# ' A Day in the Woods' - A 'Video Response' to AxMen :)



## RenaisSAWnceMan (May 7, 2011)

This is an 8-part series, with some neat real-life footage..... Kinda a 'counter-AxMen', reality vs. 'Reality' thing.

Some interesting footage/insights, and worth going through the eight parts. (You will need to click on the subsequent part in the right-hand column, at least for several parts....)

[Note: You should be able to go to the youtube page, rather than watch in the embed box here, simply by clicking, or perhaps double-clicking, on the video here.]


YouTube - a day in the woods pt1


***I couldn't get the embed to take.... Link is above. What do I need to do to get the embed to work? Turn on HTML?


----------



## cowtipper (May 7, 2011)

Let me try...

[video=youtube;TCTFLA1tulE]http://www.youtube.com/watch?v=TCTFLA1tulE&feature=related[/video]


----------



## forestryworks (May 7, 2011)

Yup, those are good videos.


----------



## OregonSawyer (May 8, 2011)

I agree, much better than Ax Men. Real life footage without all the nonsense. I wouldn't mind doing a little project like that actually. It's good for the business to be portrayed in a sensible, unbiased way. As one of the loggers in the video points out; people in the timber processing industry do more to take care of our forests than the "environmentalists" that want to prohibit logging.
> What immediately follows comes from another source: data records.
(* Let $q\in(0,1)$ and let $\mathbf X_1,\mathbf X_2,\dots$ be i.i.d. random vectors in $\mathbb R^n$ with nonnegative components, distributed as $\mathbf X$, whose log moment generating function $\Lambda(\boldsymbol\lambda)=\log\mathbb E[e^{\langle\boldsymbol\lambda,\mathbf X\rangle}]$ is finite for all $\boldsymbol\lambda\in\mathbb R^n$. Then for every $\delta>0$, $$\lim_{t\to\infty}\frac1t\log\mathsf P\Big(\frac1t\sum_{i=1}^t q^i\mathbf X_i\ge\delta\mathbf 1\Big)=-\infty,$$ where $\mathbf 1$ is the all-ones vector and $\mathbf x\ge\mathbf y$ means $x_j\ge y_j$ for every component $j$. *)

theory Defs
  imports "HOL-Probability.Probability"
begin

text \<open>Extended-real natural logarithm: log 0 = -infinity (Isabelle's ln 0 = 0 would be wrong).\<close>
definition eln :: "real \<Rightarrow> ereal" where
  "eln x = (if x > 0 then ereal (ln x) else -\<infinity>)"

end

theory Submission
  imports Defs "HOL-Real_Asymp.Real_Asymp"
begin

text \<open>
  A crude union bound suffices: if the geometrically weighted average of \<open>X\<^sub>1, \<dots>, X\<^sub>t\<close>
  exceeds \<open>\<delta>\<close> in some coordinate, then, since \<open>\<Sum>\<^sub>i q\<^sup>i < 1 / (1 - q)\<close>, one of the \<open>X\<^sub>i\<close>
  exceeds \<open>t \<delta> (1 - q)\<close> in that coordinate. As the \<open>X\<^sub>i\<close> are identically distributed, the
  probability is at most \<open>t\<close> times a tail probability of \<open>X\<^sub>1\<close>, and by the Chernoff bound with
  an arbitrarily large exponent \<open>\<lambda>\<close> this tail is \<open>O(e\<^sup>-\<^sup>K\<^sup>t)\<close> for every \<open>K\<close>.
\<close>

lemma eln_div_less:
  fixes p t r :: real
  assumes "t > 0" "p < exp (r * t)"
  shows "eln p / ereal t < ereal r"
proof (cases "p > 0")
  case True
  have "ln p < r * t" using assms True by (metis exp_less_cancel_iff exp_ln)
  hence "ln p / t < r" using assms by (simp add: divide_less_eq)
  thus ?thesis using True assms by (simp add: eln_def ereal_divide)
next
  case False
  thus ?thesis using assms by (simp add: eln_def divide_ereal_def)
qed

lemma eventually_mult_exp_less:
  fixes C K r :: real
  assumes "0 < K + r"
  shows "eventually (\<lambda>t::nat. real t * C * exp (- K * real t) < exp (r * real t)) sequentially"
proof -
  have "((\<lambda>t::nat. real t * C * exp (- (K + r) * real t)) \<longlongrightarrow> 0) sequentially"
    using assms by real_asymp
  hence "eventually (\<lambda>t::nat. real t * C * exp (- (K + r) * real t) < 1) sequentially"
    by (rule order_tendstoD) simp
  thus ?thesis
  proof eventually_elim
    case (elim t)
    have "real t * C * exp (- K * real t) = real t * C * exp (- (K + r) * real t) * exp (r * real t)"
      by (simp add: mult_exp_exp algebra_simps)
    also have "\<dots> < 1 * exp (r * real t)"
      using elim by (intro mult_strict_right_mono) auto
    finally show ?case by simp
  qed
qed

lemma eln_div_tendsto_MInfty:
  fixes p :: "nat \<Rightarrow> real"
  assumes "\<And>K. K > 0 \<Longrightarrow> \<exists>C. eventually (\<lambda>t. p t \<le> real t * C * exp (- K * real t)) sequentially"
  shows "((\<lambda>t. eln (p t) / ereal (real t)) \<longlongrightarrow> -\<infinity>) sequentially"
  unfolding tendsto_MInfty
proof
  fix r :: real
  have "\<exists>C. eventually (\<lambda>t. p t \<le> real t * C * exp (- (\<bar>r\<bar> + 1) * real t)) sequentially"
    by (rule assms) linarith
  then obtain C where "eventually (\<lambda>t. p t \<le> real t * C * exp (- (\<bar>r\<bar> + 1) * real t)) sequentially"
    by blast
  moreover have "eventually (\<lambda>t::nat. real t * C * exp (- (\<bar>r\<bar> + 1) * real t) < exp (r * real t))
      sequentially"
    by (rule eventually_mult_exp_less) linarith
  moreover have "eventually (\<lambda>t::nat. t \<ge> 1) sequentially"
    by (rule eventually_ge_at_top)
  ultimately show "eventually (\<lambda>t. eln (p t) / ereal (real t) < ereal r) sequentially"
    by eventually_elim (auto intro: eln_div_less)
qed

lemma measure_ge_le_exp_moment:
  fixes Z :: "'a \<Rightarrow> real"
  assumes "integrable M (\<lambda>\<omega>. exp (l * Z \<omega>))" "l > 0"
  shows "measure M {\<omega> \<in> space M. c \<le> Z \<omega>} \<le> (\<integral>\<omega>. exp (l * Z \<omega>) \<partial>M) * exp (- l * c)"
proof -
  have "{\<omega> \<in> space M. c \<le> Z \<omega>} = {\<omega> \<in> space M. exp (l * c) \<le> exp (l * Z \<omega>)}"
    using assms(2) by auto
  also have "measure M \<dots> \<le> (\<integral>\<omega>. exp (l * Z \<omega>) \<partial>M) / exp (l * c)"
    by (rule integral_Markov_inequality_measure[OF assms(1), of "space M"]) auto
  also have "\<dots> = (\<integral>\<omega>. exp (l * Z \<omega>) \<partial>M) * exp (- l * c)"
    by (simp add: exp_minus divide_inverse)
  finally show ?thesis .
qed

lemma exists_ge_of_geometric_sum_ge:
  fixes q s :: real and x :: "nat \<Rightarrow> real"
  assumes "0 \<le> q" "q < 1" "0 < s" "s \<le> (\<Sum>i=1..t. q ^ i * x i)"
  shows "\<exists>i\<in>{1..t}. s * (1 - q) \<le> x i"
proof (rule ccontr)
  assume "\<not> ?thesis"
  hence "(\<Sum>i=1..t. q ^ i * x i) \<le> (\<Sum>i=1..t. q ^ i * (s * (1 - q)))"
    using assms(1) by (intro sum_mono mult_left_mono) (auto simp: not_le less_imp_le)
  also have "\<dots> = s * ((1 - q) * (\<Sum>i=1..t. q ^ i))"
    by (simp add: sum_distrib_left sum_distrib_right algebra_simps)
  also have "(1 - q) * (\<Sum>i=1..t. q ^ i) = q - q ^ Suc t"
    using assms(2) by (simp add: sum_gp)
  also have "s * (q - q ^ Suc t) \<le> s * q"
    using assms(1,3) by (intro mult_left_mono) auto
  also have "\<dots> < s"
    using assms(2,3) by simp
  finally show False using assms(4) by simp
qed

lemma measure_eq_of_distr_eq:
  assumes "X \<in> M \<rightarrow>\<^sub>M N" "Y \<in> M \<rightarrow>\<^sub>M N" "distr M N X = distr M N Y" "A \<in> sets N"
  shows "measure M {\<omega> \<in> space M. X \<omega> \<in> A} = measure M {\<omega> \<in> space M. Y \<omega> \<in> A}"
proof -
  have "measure M {\<omega> \<in> space M. Z \<omega> \<in> A} = measure (distr M N Z) A" if "Z \<in> M \<rightarrow>\<^sub>M N" for Z
    using measure_distr[OF that assms(4)] by (simp add: vimage_def Int_def conj_commute)
  with assms show ?thesis by simp
qed

lemma distr_vec_nth_eq:
  fixes X Y :: "'a \<Rightarrow> real ^ 'n"
  assumes "X \<in> borel_measurable M" "Y \<in> borel_measurable M" "distr M borel X = distr M borel Y"
  shows "distr M borel (\<lambda>\<omega>. X \<omega> $ j) = distr M borel (\<lambda>\<omega>. Y \<omega> $ j)"
proof -
  have "distr M borel (\<lambda>\<omega>. Z \<omega> $ j) = distr (distr M borel Z) borel (\<lambda>x. x $ j)"
    if "Z \<in> borel_measurable M" for Z :: "'a \<Rightarrow> real ^ 'n"
    using that by (subst distr_distr) (auto simp: comp_def)
  with assms show ?thesis by simp
qed

lemma (in prob_space) geometric_average_tail_le:
  fixes Z :: "nat \<Rightarrow> 'a \<Rightarrow> real"
  assumes "0 \<le> q" "q < 1" "\<delta> > 0" "t \<ge> 1"
    and meas: "\<And>i. i \<ge> 1 \<Longrightarrow> Z i \<in> borel_measurable M"
    and ident: "\<And>i. i \<ge> 1 \<Longrightarrow> distr M borel (Z i) = distr M borel (Z 1)"
  shows "measure M {\<omega> \<in> space M. \<delta> \<le> (1 / real t) * (\<Sum>i=1..t. q ^ i * Z i \<omega>)}
           \<le> real t * measure M {\<omega> \<in> space M. real t * \<delta> * (1 - q) \<le> Z 1 \<omega>}"
proof -
  define B where "B i = {\<omega> \<in> space M. real t * \<delta> * (1 - q) \<le> Z i \<omega>}" for i
  have B_sets: "B i \<in> events" if "i \<ge> 1" for i
    unfolding B_def using meas[OF that] by measurable
  have "{\<omega> \<in> space M. \<delta> \<le> (1 / real t) * (\<Sum>i=1..t. q ^ i * Z i \<omega>)} \<subseteq> (\<Union>i\<in>{1..t}. B i)"
  proof safe
    fix \<omega> assume "\<omega> \<in> space M" "\<delta> \<le> (1 / real t) * (\<Sum>i=1..t. q ^ i * Z i \<omega>)"
    hence "real t * \<delta> \<le> (\<Sum>i=1..t. q ^ i * Z i \<omega>)"
      using assms(4) by (simp add: field_simps)
    with \<open>\<omega> \<in> space M\<close> show "\<omega> \<in> (\<Union>i\<in>{1..t}. B i)"
      using exists_ge_of_geometric_sum_ge[of q "real t * \<delta>"] assms(1-4) by (auto simp: B_def)
  qed
  hence "measure M {\<omega> \<in> space M. \<delta> \<le> (1 / real t) * (\<Sum>i=1..t. q ^ i * Z i \<omega>)}
           \<le> measure M (\<Union>i\<in>{1..t}. B i)"
    by (rule finite_measure_mono) (use B_sets in auto)
  also have "\<dots> \<le> (\<Sum>i=1..t. measure M (B i))"
    by (rule finite_measure_subadditive_finite) (use B_sets in auto)
  also have "\<dots> = (\<Sum>i=1..t. measure M (B 1))"
  proof (intro sum.cong refl)
    fix i assume "i \<in> {1..t}"
    hence "i \<ge> 1" by simp
    thus "measure M (B i) = measure M (B 1)"
      using measure_eq_of_distr_eq[OF meas[OF \<open>i \<ge> 1\<close>] meas[OF order_refl] ident[OF \<open>i \<ge> 1\<close>],
          of "{x. real t * \<delta> * (1 - q) \<le> x}"]
      by (simp add: B_def)
  qed
  finally show ?thesis by (simp add: B_def)
qed

lemma (in prob_space) geometric_average_tail_exp_decay:
  fixes Z :: "nat \<Rightarrow> 'a \<Rightarrow> real"
  assumes "0 \<le> q" "q < 1" "\<delta> > 0" "K > 0"
    and meas: "\<And>i. i \<ge> 1 \<Longrightarrow> Z i \<in> borel_measurable M"
    and ident: "\<And>i. i \<ge> 1 \<Longrightarrow> distr M borel (Z i) = distr M borel (Z 1)"
    and moment: "\<And>l. integrable M (\<lambda>\<omega>. exp (l * Z 1 \<omega>))"
  shows "\<exists>C. eventually (\<lambda>t. measure M {\<omega> \<in> space M. \<delta> \<le> (1 / real t) * (\<Sum>i=1..t. q ^ i * Z i \<omega>)}
           \<le> real t * C * exp (- K * real t)) sequentially"
proof -
  define l where "l = K / (\<delta> * (1 - q))"
  have "l > 0" using assms(2-4) by (simp add: l_def)
  have "measure M {\<omega> \<in> space M. \<delta> \<le> (1 / real t) * (\<Sum>i=1..t. q ^ i * Z i \<omega>)}
      \<le> real t * (\<integral>\<omega>. exp (l * Z 1 \<omega>) \<partial>M) * exp (- K * real t)" if "t \<ge> 1" for t
  proof -
    have "measure M {\<omega> \<in> space M. \<delta> \<le> (1 / real t) * (\<Sum>i=1..t. q ^ i * Z i \<omega>)}
        \<le> real t * measure M {\<omega> \<in> space M. real t * \<delta> * (1 - q) \<le> Z 1 \<omega>}"
      using assms(1-3) that meas ident by (rule geometric_average_tail_le)
    also have "\<dots> \<le> real t * ((\<integral>\<omega>. exp (l * Z 1 \<omega>) \<partial>M) * exp (- l * (real t * \<delta> * (1 - q))))"
      using measure_ge_le_exp_moment[OF moment \<open>l > 0\<close>] by (intro mult_left_mono) auto
    also have "\<dots> = real t * (\<integral>\<omega>. exp (l * Z 1 \<omega>) \<partial>M) * exp (- K * real t)"
      using assms(2,3) by (simp add: l_def field_simps)
    finally show ?thesis .
  qed
  thus ?thesis
    using eventually_ge_at_top[of 1] by (blast intro: eventually_mono)
qed

theorem lemma5:
  fixes M :: "'a measure" and X :: "nat \<Rightarrow> 'a \<Rightarrow> real ^ 'n" and q \<delta> :: real
  assumes "prob_space M"
    and "0 < q" "q < 1"
    and "prob_space.indep_vars M (\<lambda>_. borel) X {1..}"
    and "\<forall>i\<ge>1. distr M borel (X i) = distr M borel (X 1)"
    and "\<forall>i\<ge>1. AE \<omega> in M. \<forall>j. 0 \<le> X i \<omega> $ j"
    and "\<forall>l :: real ^ 'n. integrable M (\<lambda>\<omega>. exp (l \<bullet> X 1 \<omega>))"
    and "\<delta> > 0"
  shows "((\<lambda>t::nat. eln (measure M {\<omega> \<in> space M.
            \<forall>j. (1 / real t) * (\<Sum>i=1..t. q ^ i * X i \<omega> $ j) \<ge> \<delta>}) / ereal (real t))
          \<longlongrightarrow> -\<infinity>) sequentially"
proof (rule eln_div_tendsto_MInfty)
  interpret prob_space M by fact
  fix K :: real assume "K > 0"
  fix j :: 'n
  have X_meas: "X i \<in> borel_measurable M" if "i \<ge> 1" for i
    using assms(4) that unfolding indep_vars_def by auto
  have coord_meas: "(\<lambda>\<omega>. X i \<omega> $ j) \<in> borel_measurable M" if "i \<ge> 1" for i
    using X_meas[OF that]
    by (rule measurable_compose) (intro borel_measurable_continuous_onI continuous_intros)
  have all_le_coord: "measure M {\<omega> \<in> space M. \<forall>j. (1 / real t) * (\<Sum>i=1..t. q ^ i * X i \<omega> $ j) \<ge> \<delta>}
      \<le> measure M {\<omega> \<in> space M. \<delta> \<le> (1 / real t) * (\<Sum>i=1..t. q ^ i * X i \<omega> $ j)}" for t
  proof (rule finite_measure_mono)
    have "(\<lambda>\<omega>. \<Sum>i=1..t. q ^ i * X i \<omega> $ j) \<in> borel_measurable M"
      using coord_meas by (intro borel_measurable_sum borel_measurable_times) auto
    thus "{\<omega> \<in> space M. \<delta> \<le> (1 / real t) * (\<Sum>i=1..t. q ^ i * X i \<omega> $ j)} \<in> events"
      by measurable
  qed auto
  have "\<exists>C. eventually (\<lambda>t. measure M {\<omega> \<in> space M. \<delta> \<le> (1 / real t) * (\<Sum>i=1..t. q ^ i * X i \<omega> $ j)}
      \<le> real t * C * exp (- K * real t)) sequentially"
  proof (rule geometric_average_tail_exp_decay[where Z = "\<lambda>i \<omega>. X i \<omega> $ j"])
    show "distr M borel (\<lambda>\<omega>. X i \<omega> $ j) = distr M borel (\<lambda>\<omega>. X 1 \<omega> $ j)" if "i \<ge> 1" for i
      using X_meas[OF that] X_meas[OF order_refl] assms(5)[rule_format, OF that] by (rule distr_vec_nth_eq)
    show "integrable M (\<lambda>\<omega>. exp (l * X 1 \<omega> $ j))" for l
      using assms(7)[rule_format, of "axis j l"] by (simp add: inner_axis' mult.commute)
  qed (use assms(2,3,8) \<open>K > 0\<close> coord_meas in auto)
  then obtain C where "eventually (\<lambda>t. measure M {\<omega> \<in> space M.
      \<delta> \<le> (1 / real t) * (\<Sum>i=1..t. q ^ i * X i \<omega> $ j)} \<le> real t * C * exp (- K * real t)) sequentially"
    by blast
  hence "eventually (\<lambda>t. measure M {\<omega> \<in> space M.
      \<forall>j. (1 / real t) * (\<Sum>i=1..t. q ^ i * X i \<omega> $ j) \<ge> \<delta>} \<le> real t * C * exp (- K * real t)) sequentially"
    by eventually_elim (rule order_trans[OF all_le_coord])
  thus "\<exists>C. eventually (\<lambda>t. measure M {\<omega> \<in> space M.
      \<forall>j. (1 / real t) * (\<Sum>i=1..t. q ^ i * X i \<omega> $ j) \<ge> \<delta>} \<le> real t * C * exp (- K * real t)) sequentially"
    by blast
qed

end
It is what puts food on their tables, therefore very pertinent to treat it with respect and care.


----------



## RenaisSAWnceMan (May 9, 2011)

Just so all you gents know what is behind all the 'Green mania', there is an agenda....actually, 'Agenda 21', to be precise. 

Do a search, wherefrom you will get results both 'from the Agenda', and those that expose it. The 'sustainable growth', 'sustainable development', endangered-species, 're-wilding' schtuff, etc., proceeds from IT, for the most part. Most here are capable of appreciating nature, wood and the woods, in a reasoned and practical manner. Most of the Greenies, save for the 'propaganda operatives', are just well-intentioned dupes......


----------



## Kingsley (Jul 6, 2011)

More people should watch this. Including the producers of AX men. There were plenty of exciting and entertaining moments there. Kind of funny to hear him complain about offroad diesel at a "buck" a gallon. 

Hope all those guys are doing well. The video was shot back in 2000.

Thanks for sharing.
Marty


----------